**** Data supplied

lemma measurable_measure_Union_balls:
  fixes p :: "'a::{metric_space, second_countable_topology} measure"
  assumes p: "finite_measure p" "sets p = sets borel" and I: "finite I"
  shows "(\<lambda>f. measure p (\<Union>i\<in>I. ball (f i) \<epsilon>)) \<in> borel_measurable (\<Pi>\<^sub>M i\<in>I. p)"
proof -
  interpret finite_measure p by (rule p(1))
  let ?P = "(\<Pi>\<^sub>M i\<in>I. p) \<Otimes>\<^sub>M p"
  define Q where "Q = {z \<in> space ?P. \<exists>i\<in>I. dist (fst z i) (snd z) < \<epsilon>}"
  have "Q \<in> sets ?P"
    unfolding Q_def using I
    by (intro sets_Collect_Bex_dist_less) (auto simp: measurable_cong_sets[OF refl p(2), symmetric])
  then have "(\<lambda>f. emeasure p (Pair f -` Q)) \<in> borel_measurable (\<Pi>\<^sub>M i\<in>I. p)"
    by (rule measurable_emeasure_Pair)
  moreover have "Pair f -` Q = (\<Union>i\<in>I. ball (f i) \<epsilon>)" if "f \<in> space (\<Pi>\<^sub>M i\<in>I. p)" for f
    using that sets_eq_imp_space_eq[OF p(2)] by (auto simp: Q_def space_pair_measure mem_ball)
  ultimately show ?thesis
    by (subst measurable_cong[where g="\<lambda>f. enn2real (emeasure p (Pair f -` Q))"])
       (auto simp: measure_def)
qed

lemma nn_integral_PiM_shift:
  assumes "prob_space M" and F: "F \<in> borel_measurable (\<Pi>\<^sub>M i\<in>{..<k}. M)"
  shows "(\<integral>\<^sup>+f. F f \<partial>(\<Pi>\<^sub>M i\<in>{..<k}. M)) = (\<integral>\<^sup>+\<omega>. F (\<lambda>n\<in>{..<k}. \<omega> (Suc n)) \<partial>(\<Pi>\<^sub>M i\<in>{1..k}. M))"
proof -
  let ?shift = "\<lambda>\<omega>. \<lambda>n\<in>{..<k}. \<omega> (Suc n)"
  have shift: "?shift \<in> measurable (\<Pi>\<^sub>M i\<in>{1..k}. M) (\<Pi>\<^sub>M i\<in>{..<k}. M)"
    by (intro measurable_restrict measurable_component_singleton) auto
  have "distr (\<Pi>\<^sub>M i\<in>{1..k}. M) (\<Pi>\<^sub>M i\<in>{..<k}. M) ?shift = (\<Pi>\<^sub>M i\<in>{..<k}. M)"
    using distr_PiM_reindex[of "{1..k}" "\<lambda>_. M" Suc "{..<k}"] assms(1) by simp
  then show ?thesis
    using nn_integral_distr[OF shift, of F] F by simp
qed

lemma emeasure_PiM_mem_Union_balls:
  fixes p :: "'a::{metric_space, second_countable_topology} measure" and k :: nat
  assumes p: "sigma_finite_measure p" "sets p = sets borel"
  shows "emeasure (\<Pi>\<^sub>M i\<in>{..k}. p) {\<omega> \<in> space (\<Pi>\<^sub>M i\<in>{..k}. p). \<omega> 0 \<in> (\<Union>i\<in>{1..k}. ball (\<omega> i) \<epsilon>)}
       = (\<integral>\<^sup>+f. emeasure p (\<Union>i\<in>{1..k}. ball (f i) \<epsilon>) \<partial>(\<Pi>\<^sub>M i\<in>{1..k}. p))"
    (is "emeasure _ ?E = _")
proof -
  interpret product_sigma_finite "\<lambda>_::nat. p"
    by (simp add: product_sigma_finite_def p(1))
  have ins: "{..k} = insert 0 {1..k}" by auto
  have "?E = {\<omega> \<in> space (\<Pi>\<^sub>M i\<in>{..k}. p). \<exists>i\<in>{1..k}. dist (\<omega> i) (\<omega> 0) < \<epsilon>}"
    by (auto simp: mem_ball)
  also have "\<dots> \<in> sets (\<Pi>\<^sub>M i\<in>{..k}. p)"
    by (intro sets_Collect_Bex_dist_less) (auto simp: measurable_cong_sets[OF refl p(2), symmetric])
  finally have E: "?E \<in> sets (\<Pi>\<^sub>M i\<in>insert 0 {1..k}. p)" unfolding ins .
  have ind: "indicator ?E (f(0 := y)) = indicator (\<Union>i\<in>{1..k}. ball (f i) \<epsilon>) y"
    if "f \<in> space (\<Pi>\<^sub>M i\<in>{1..k}. p)" for f and y :: 'a
  proof -
    have "f(0 := y) \<in> space (\<Pi>\<^sub>M i\<in>{..k}. p)"
      using that sets_eq_imp_space_eq[OF p(2)] by (auto simp: space_PiM PiE_iff extensional_def)
    then show ?thesis by (auto simp: indicator_def)
  qed
  have "emeasure (\<Pi>\<^sub>M i\<in>{..k}. p) ?E = (\<integral>\<^sup>+\<omega>. indicator ?E \<omega> \<partial>(\<Pi>\<^sub>M i\<in>insert 0 {1..k}. p))"
    using E unfolding ins by simp
  also have "\<dots> = (\<integral>\<^sup>+f. \<integral>\<^sup>+y. indicator ?E (f(0 := y)) \<partial>p \<partial>(\<Pi>\<^sub>M i\<in>{1..k}. p))"
    using E by (intro product_nn_integral_insert) auto
  also have "\<dots> = (\<integral>\<^sup>+f. emeasure p (\<Union>i\<in>{1..k}. ball (f i) \<epsilon>) \<partial>(\<Pi>\<^sub>M i\<in>{1..k}. p))"
  proof (rule nn_integral_cong)
    fix f assume "f \<in> space (\<Pi>\<^sub>M i\<in>{1..k}. p)"
    moreover have "(\<Union>i\<in>{1..k}. ball (f i) \<epsilon>) \<in> sets p" using p(2) by auto
    ultimately show "(\<integral>\<^sup>+y. indicator ?E (f(0 := y)) \<partial>p) = emeasure p (\<Union>i\<in>{1..k}. ball (f i) \<epsilon>)"
      by (simp only: ind nn_integral_indicator)
  qed
  finally show ?thesis .
qed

********

▶ _What you should do_: Wherever the string "dots" appears in the entries above, list that line.

▶ _Task output_:
  also have "\<dots> \<in> sets (\<Pi>\<^sub>M i\<in>{..k}. p)"
  also have "\<dots> = (\<integral>\<^sup>+f. \<integral>\<^sup>+y. indicator ?E (f(0 := y)) \<partial>p \<partial>(\<Pi>\<^sub>M i\<in>{1..k}. p))"
  also have "\<dots> = (\<integral>\<^sup>+f. emeasure p (\<Union>i\<in>{1..k}. ball (f i) \<epsilon>) \<partial>(\<Pi>\<^sub>M i\<in>{1..k}. p))"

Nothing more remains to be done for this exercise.